(* Let $n\ge2$ and $r\in\{1,\dots,n-1\}$. If $C\subseteq\mathbb{F}_q^n$ is drawn uniformly at random from the set of linear codes of dimension $n-r$ that contain the all-ones vector $\mathbf{1}\in\mathbb{F}_q^n$, then $C$ has property $(\ast)$ with probability at least $1-\frac{4q^{-r/64}}{1-q^{-r/64}}$.
   Context: $H_q(x)=x\log_q(q-1)-x\log_qx-(1-x)\log_q(1-x)$ is the $q$-ary entropy function, and $H_q^{-1}$ its inverse on $[0,1-1/q]$. A subspace $V\subseteq\mathbb{F}_q^n$ is $\alpha$-sparse if it is spanned by vectors of Hamming weight at most $\alpha n$. A linear code $C\subseteq\mathbb{F}_q^n$ of dimension $n-r$ has property $(\ast)$ if, with $\alpha=H_q^{-1}(r/8n)$, for every $m\in\{1,\dots,r\}$ and every $\alpha$-sparse $m$-dimensional subspace $V\subseteq\mathbb{F}_q^n$, $\dim(C\cap V)<m/2$. *)

theory Defs
  imports "HOL-Analysis.Analysis"
begin

definition qentropy :: "real \<Rightarrow> real \<Rightarrow> real" where
  "qentropy q x =
     (if x = 0 then 0 else x * log q (q - 1) - x * log q x)
     - (if x = 1 then 0 else (1 - x) * log q (1 - x))"

definition qentropy_inv :: "real \<Rightarrow> real \<Rightarrow> real" where
  "qentropy_inv q y = (THE x. 0 \<le> x \<and> x \<le> 1 - 1 / q \<and> qentropy q x = y)"

definition hweight :: "'a::zero ^ 'n \<Rightarrow> nat" where
  "hweight v = card {i. v $ i \<noteq> 0}"

definition sparse_subspace :: "real \<Rightarrow> ('a::field ^ 'n) set \<Rightarrow> bool" where
  "sparse_subspace \<alpha> V \<longleftrightarrow>
     (\<exists>S. V = vec.span S \<and> (\<forall>v\<in>S. real (hweight v) \<le> \<alpha> * real CARD('n)))"

text \<open>Property (*) for a code C of redundancy r (dimension n - r), n = CARD('n).\<close>
definition prop_star :: "nat \<Rightarrow> ('a::{finite,field} ^ 'n) set \<Rightarrow> bool" where
  "prop_star r C \<longleftrightarrow>
     (let \<alpha> = qentropy_inv (real CARD('a)) (real r / (8 * real CARD('n))) in
      \<forall>m \<in> {1..r}. \<forall>V. vec.subspace V \<and> vec.dim V = m \<and> sparse_subspace \<alpha> V
          \<longrightarrow> real (vec.dim (C \<inter> V)) < real m / 2)"

definition codes_with_ones :: "nat \<Rightarrow> ('a::field ^ 'n) set set" where
  "codes_with_ones r =
     {C. vec.subspace C \<and> vec.dim C = CARD('n) - r \<and> (\<chi> i. 1) \<in> C}"

end

theory Submission
  imports Defs "HOL-Real_Asymp.Real_Asymp"
begin

text \<open>A code \<open>C\<close> violates \<open>(\<ast>)\<close> only if some \<open>m \<le> r\<close> vectors of weight at most \<open>\<alpha> n\<close> span a subspace
  \<open>V\<close> with \<open>dim (C \<inter> V) \<ge> \<lceil>m/2\<rceil>\<close>. The Hamming ball of radius \<open>\<alpha> n\<close> has at most \<open>q\<^bsup>H\<^sub>q(\<alpha>) n\<^esup> = q\<^bsup>r/8\<^esup>\<close>
  points, so there are at most \<open>q\<^bsup>r m/8\<^esup>\<close> such spanning lists. For a fixed \<open>V\<close>, a first-moment count of
  independent tuples in \<open>C \<inter> V\<close> bounds the fraction of codes with \<open>dim (C \<inter> V) \<ge> t = \<lceil>m/2\<rceil>\<close> by about
  \<open>q\<^bsup>-s (r - m + t)\<^esup>\<close>, where \<open>s = t\<close>, or \<open>s = t - 1\<close> if \<open>1 \<in> V\<close>; in the latter case the supports of
  the spanning vectors cover all \<open>n\<close> coordinates, forcing \<open>m \<ge> 9\<close>. Either way the fraction is at most
  \<open>q\<^bsup>-9 r m/64\<^esup>\<close>, and summing over \<open>m\<close> leaves the geometric series \<open>\<Sum>\<^sub>m q\<^bsup>-r m/64\<^esup>\<close>.\<close>

lemma qentropy_eq: "qentropy q x = x * log q (q - 1) - x * log q x - (1 - x) * log q (1 - x)"
  unfolding qentropy_def by auto

lemma qentropy_eq_ln: "qentropy q x = (x * ln (q - 1) - x * ln x - (1 - x) * ln (1 - x)) / ln q"
  by (simp add: qentropy_eq log_def diff_divide_distrib)

lemma qentropy_ge_self:
  fixes q x :: real
  assumes q: "q \<ge> 2" and x: "0 \<le> x" "x \<le> 1 - 1/q"
  shows "x \<le> qentropy q x"
proof (cases "x = 0")
  case True
  then show ?thesis by (simp add: qentropy_eq)
next
  case False
  hence x0: "x > 0" using x by auto
  have x1: "x < 1" using x q by (smt (verit) divide_pos_pos)
  have "log q (1 - x) \<le> 0" using x0 x1 q by (simp add: log_le_zero_cancel_iff)
  hence nonpos: "(1 - x) * log q (1 - x) \<le> 0" using x1 by (simp add: mult_nonneg_nonpos)
  have "x * q \<le> q - 1" using x q by (simp add: field_simps)
  hence "q \<le> (q - 1) / x" using x0 by (simp add: field_simps)
  hence "log q q \<le> log q ((q - 1) / x)" using q x0 by (subst log_le_cancel_iff) auto
  hence "1 \<le> log q (q - 1) - log q x" using q x0 by (simp add: log_divide)
  hence "x \<le> x * (log q (q - 1) - log q x)" using x0
    by (metis mult.right_neutral mult_left_mono less_imp_le)
  thus ?thesis using nonpos by (simp add: qentropy_eq algebra_simps)
qed

lemma has_real_derivative_qentropy:
  fixes q x :: real
  assumes q: "q \<ge> 2" and x: "0 < x" "x < 1"
  shows "(qentropy q has_real_derivative (ln (q - 1) - ln x + ln (1 - x)) / ln q) (at x)"
proof -
  have "qentropy q = (\<lambda>x. (x * ln (q - 1) - x * ln x - (1 - x) * ln (1 - x)) / ln q)"
    by (simp add: qentropy_eq_ln [abs_def])
  moreover have "((\<lambda>x. (x * ln (q - 1) - x * ln x - (1 - x) * ln (1 - x)) / ln q) has_real_derivative
        (1 * ln (q - 1) - (1 * ln x + x * (1 / x)) - ((-1) * ln (1 - x) + (1 - x) * (-1 / (1 - x)))) / ln q)
        (at x)"
    using x q by (auto intro!: derivative_eq_intros)
  moreover have "(1 * ln (q - 1) - (1 * ln x + x * (1 / x)) - ((-1) * ln (1 - x) + (1 - x) * (-1 / (1 - x)))) / ln q
      = (ln (q - 1) - ln x + ln (1 - x)) / ln q"
    using x by (simp add: divide_simps)
  ultimately show ?thesis by (simp only:)
qed

lemma continuous_on_qentropy:
  fixes q :: real
  assumes q: "q \<ge> 2"
  shows "continuous_on {0..1 - 1/q} (qentropy q)"
proof (clarsimp simp: continuous_on_eq_continuous_within)
  fix x assume x: "0 \<le> x" "x \<le> 1 - 1/q"
  have lt1: "1 - 1/q < 1" using q by simp
  show "continuous (at x within {0..1 - 1/q}) (qentropy q)"
  proof (cases "x = 0")
    case False
    with x lt1 have "0 < x" "x < 1" by linarith+
    from DERIV_isCont [OF has_real_derivative_qentropy [OF q this]]
    show ?thesis by (simp add: continuous_at_imp_continuous_within)
  next
    case True
    have "((\<lambda>x::real. x * ln x) \<longlongrightarrow> 0) (at_right 0)"
      by real_asymp
    moreover have "((\<lambda>x::real. (1 - x) * ln (1 - x)) \<longlongrightarrow> (1 - 0) * ln (1 - 0)) (at_right 0)"
      by (intro tendsto_intros) auto
    ultimately have "((\<lambda>x. (x * ln (q - 1) - x * ln x - (1 - x) * ln (1 - x)) / ln q) \<longlongrightarrow>
           (0 * ln (q - 1) - 0 - (1 - 0) * ln (1 - 0)) / ln q) (at_right 0)"
      by (intro tendsto_intros) (use q in auto)
    hence "(qentropy q \<longlongrightarrow> qentropy q 0) (at_right 0)"
      by (simp add: qentropy_eq_ln [abs_def] qentropy_eq)
    thus ?thesis using True q by (simp add: continuous_within at_within_Icc_at_right)
  qed
qed

lemma qentropy_strict_mono:
  fixes q a b :: real
  assumes q: "q \<ge> 2" and ab: "0 \<le> a" "a < b" "b \<le> 1 - 1/q"
  shows "qentropy q a < qentropy q b"
proof (rule DERIV_pos_imp_increasing_open [OF ab(2)])
  show "continuous_on {a..b} (qentropy q)"
    by (rule continuous_on_subset [OF continuous_on_qentropy [OF q]]) (use ab in auto)
next
  fix x assume x: "a < x" "x < b"
  have "1 - 1/q < 1" using q by simp
  hence x01: "0 < x" "x < 1" using x ab by linarith+
  have "b * q \<le> q - 1" using ab q by (simp add: field_simps)
  moreover have "x * q < b * q" using x q by simp
  ultimately have "x < (q - 1) * (1 - x)" by (simp add: algebra_simps)
  hence "ln x < ln ((q - 1) * (1 - x))" using x01 by simp
  hence "0 < (ln (q - 1) - ln x + ln (1 - x)) / ln q" using x01 q by (simp add: ln_mult)
  thus "\<exists>y. (qentropy q has_real_derivative y) (at x) \<and> 0 < y"
    using has_real_derivative_qentropy [OF q x01] by blast
qed

lemma qentropy_inv_spec:
  fixes q y :: real
  assumes q: "q \<ge> 2" and y: "0 \<le> y" "y \<le> 1/2"
  shows "0 \<le> qentropy_inv q y \<and> qentropy_inv q y \<le> 1 - 1/q \<and> qentropy q (qentropy_inv q y) = y"
proof -
  have half: "1/2 \<le> 1 - 1/q" using q by (simp add: field_simps)
  have "1 - 1/q \<le> qentropy q (1 - 1/q)" by (rule qentropy_ge_self [OF q]) (use half in auto)
  hence "qentropy q 0 \<le> y" "y \<le> qentropy q (1 - 1/q)" using y half by (simp_all add: qentropy_eq)
  then obtain x where x: "0 \<le> x" "x \<le> 1 - 1/q" "qentropy q x = y"
    using IVT' [OF _ _ _ continuous_on_qentropy [OF q]] half by fastforce
  have "\<exists>!x. 0 \<le> x \<and> x \<le> 1 - 1/q \<and> qentropy q x = y"
  proof (rule ex1I [of _ x])
    fix z assume z: "0 \<le> z \<and> z \<le> 1 - 1/q \<and> qentropy q z = y"
    show "z = x"
      using qentropy_strict_mono [OF q] z x by (metis linorder_neqE_linordered_idom less_irrefl)
  qed (use x in auto)
  from theI' [OF this] show ?thesis unfolding qentropy_inv_def .
qed

lemma qentropy_inv_pos_le:
  fixes q y :: real
  assumes q: "q \<ge> 2" and y: "0 < y" "y \<le> 1/2"
  shows "0 < qentropy_inv q y" and "qentropy_inv q y \<le> y"
proof -
  have inv: "0 \<le> qentropy_inv q y" "qentropy_inv q y \<le> 1 - 1/q" "qentropy q (qentropy_inv q y) = y"
    using qentropy_inv_spec [OF q] y by auto
  show "qentropy_inv q y \<le> y" using qentropy_ge_self [OF q inv(1,2)] inv(3) by simp
  show "0 < qentropy_inv q y"
    using inv y by (cases "qentropy_inv q y = 0") (auto simp: qentropy_eq)
qed

lemma two_le_card_field: "2 \<le> CARD('a::{finite,field})"
proof -
  have "card {0::'a, 1} \<le> card (UNIV::'a set)" by (rule card_mono) auto
  thus ?thesis by simp
qed

lemma sum_prod_vec_nth:
  fixes p :: "'a::finite \<Rightarrow> real"
  shows "(\<Sum>v::'a^'n\<in>UNIV. \<Prod>i\<in>UNIV. p (v$i)) = (\<Sum>x\<in>UNIV. p x) ^ CARD('n)"
proof -
  have b: "bij_betw vec_nth (UNIV::('a^'n) set) (UNIV::('n \<Rightarrow> 'a) set)"
    by (intro bij_betwI [of _ _ _ vec_lambda]) (auto simp: vec_eq_iff)
  have "(\<Sum>v::'a^'n\<in>UNIV. \<Prod>i\<in>UNIV. p (v$i)) = (\<Sum>g\<in>(UNIV::('n \<Rightarrow> 'a) set). \<Prod>i\<in>UNIV. p (g i))"
    using sum.reindex_bij_betw [OF b, of "\<lambda>g. \<Prod>i\<in>UNIV. p (g i)"] by simp
  also have "\<dots> = (\<Prod>i\<in>(UNIV::'n set). \<Sum>x\<in>UNIV. p x)"
    using prod_sum_PiE [of "UNIV::'n set" "\<lambda>_. UNIV::'a set" "\<lambda>_ x. p x"] by (simp add: PiE_UNIV)
  finally show ?thesis by simp
qed

text \<open>The Chernoff-type estimate behind the volume bound: with \<open>p\<close> the distribution on \<open>'a\<close>
  giving mass \<open>1 - \<alpha>\<close> to \<open>0\<close> and \<open>\<alpha>/(q - 1)\<close> to every other letter, each vector of weight
  \<open>w \<le> \<alpha> N\<close> has product probability at least \<open>q powr (- H\<^sub>q(\<alpha>) N)\<close>.\<close>
lemma entropy_weight_lower_bound:
  fixes q \<alpha> :: real and w N :: nat
  assumes q: "q \<ge> 2" and \<alpha>: "0 < \<alpha>" "\<alpha> \<le> 1 - 1/q" and w: "w \<le> N" "real w \<le> \<alpha> * N"
  shows "1 \<le> (1 - \<alpha>) ^ (N - w) * (\<alpha> / (q - 1)) ^ w * q powr (qentropy q \<alpha> * N)"
proof -
  have \<alpha>1: "\<alpha> < 1" using \<alpha> q by (smt (verit) divide_pos_pos)
  have "\<alpha> * q \<le> q - 1" using \<alpha>(2) q by (simp add: field_simps)
  hence "\<alpha> / (q - 1) \<le> 1 - \<alpha>" using q by (simp add: field_simps)
  hence "ln (\<alpha> / (q - 1)) \<le> ln (1 - \<alpha>)" using \<alpha> \<alpha>1 q by (subst ln_le_cancel_iff) auto
  hence "ln \<alpha> - ln (q - 1) \<le> ln (1 - \<alpha>)" using \<alpha> q by (simp add: ln_div)
  hence "0 \<le> (\<alpha> * N - w) * (ln (1 - \<alpha>) - (ln \<alpha> - ln (q - 1)))"
    using w by (simp add: mult_nonneg_nonneg)
  also have "\<dots> = real (N - w) * ln (1 - \<alpha>) + real w * ln (\<alpha> / (q - 1)) + N * (qentropy q \<alpha> * ln q)"
  proof -
    have "qentropy q \<alpha> * ln q = \<alpha> * ln (q - 1) - \<alpha> * ln \<alpha> - (1 - \<alpha>) * ln (1 - \<alpha>)"
      using q by (simp add: qentropy_eq_ln)
    thus ?thesis using w \<alpha> q by (simp only:) (simp add: ln_div of_nat_diff algebra_simps)
  qed
  finally have "1 \<le> exp (real (N - w) * ln (1 - \<alpha>) + real w * ln (\<alpha> / (q - 1)) + N * (qentropy q \<alpha> * ln q))"
    by simp
  also have "\<dots> = (1 - \<alpha>) ^ (N - w) * (\<alpha> / (q - 1)) ^ w * q powr (qentropy q \<alpha> * N)"
    using \<alpha> \<alpha>1 q by (simp add: exp_add exp_of_nat_mult powr_def mult_ac)
  finally show ?thesis .
qed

§ §

> [To do]:
Your answer should be an exact copy of the lines from the one with "thus ?thesis using w" through the end of the material, with no other lines.

> [Finished task]:
    thus ?thesis using w \<alpha> q by (simp only:) (simp add: ln_div of_nat_diff algebra_simps)
  qed
  finally have "1 \<le> exp (real (N - w) * ln (1 - \<alpha>) + real w * ln (\<alpha> / (q - 1)) + N * (qentropy q \<alpha> * ln q))"
    by simp
  also have "\<dots> = (1 - \<alpha>) ^ (N - w) * (\<alpha> / (q - 1)) ^ w * q powr (qentropy q \<alpha> * N)"
    using \<alpha> \<alpha>1 q by (simp add: exp_add exp_of_nat_mult powr_def mult_ac)
  finally show ?thesis .
qed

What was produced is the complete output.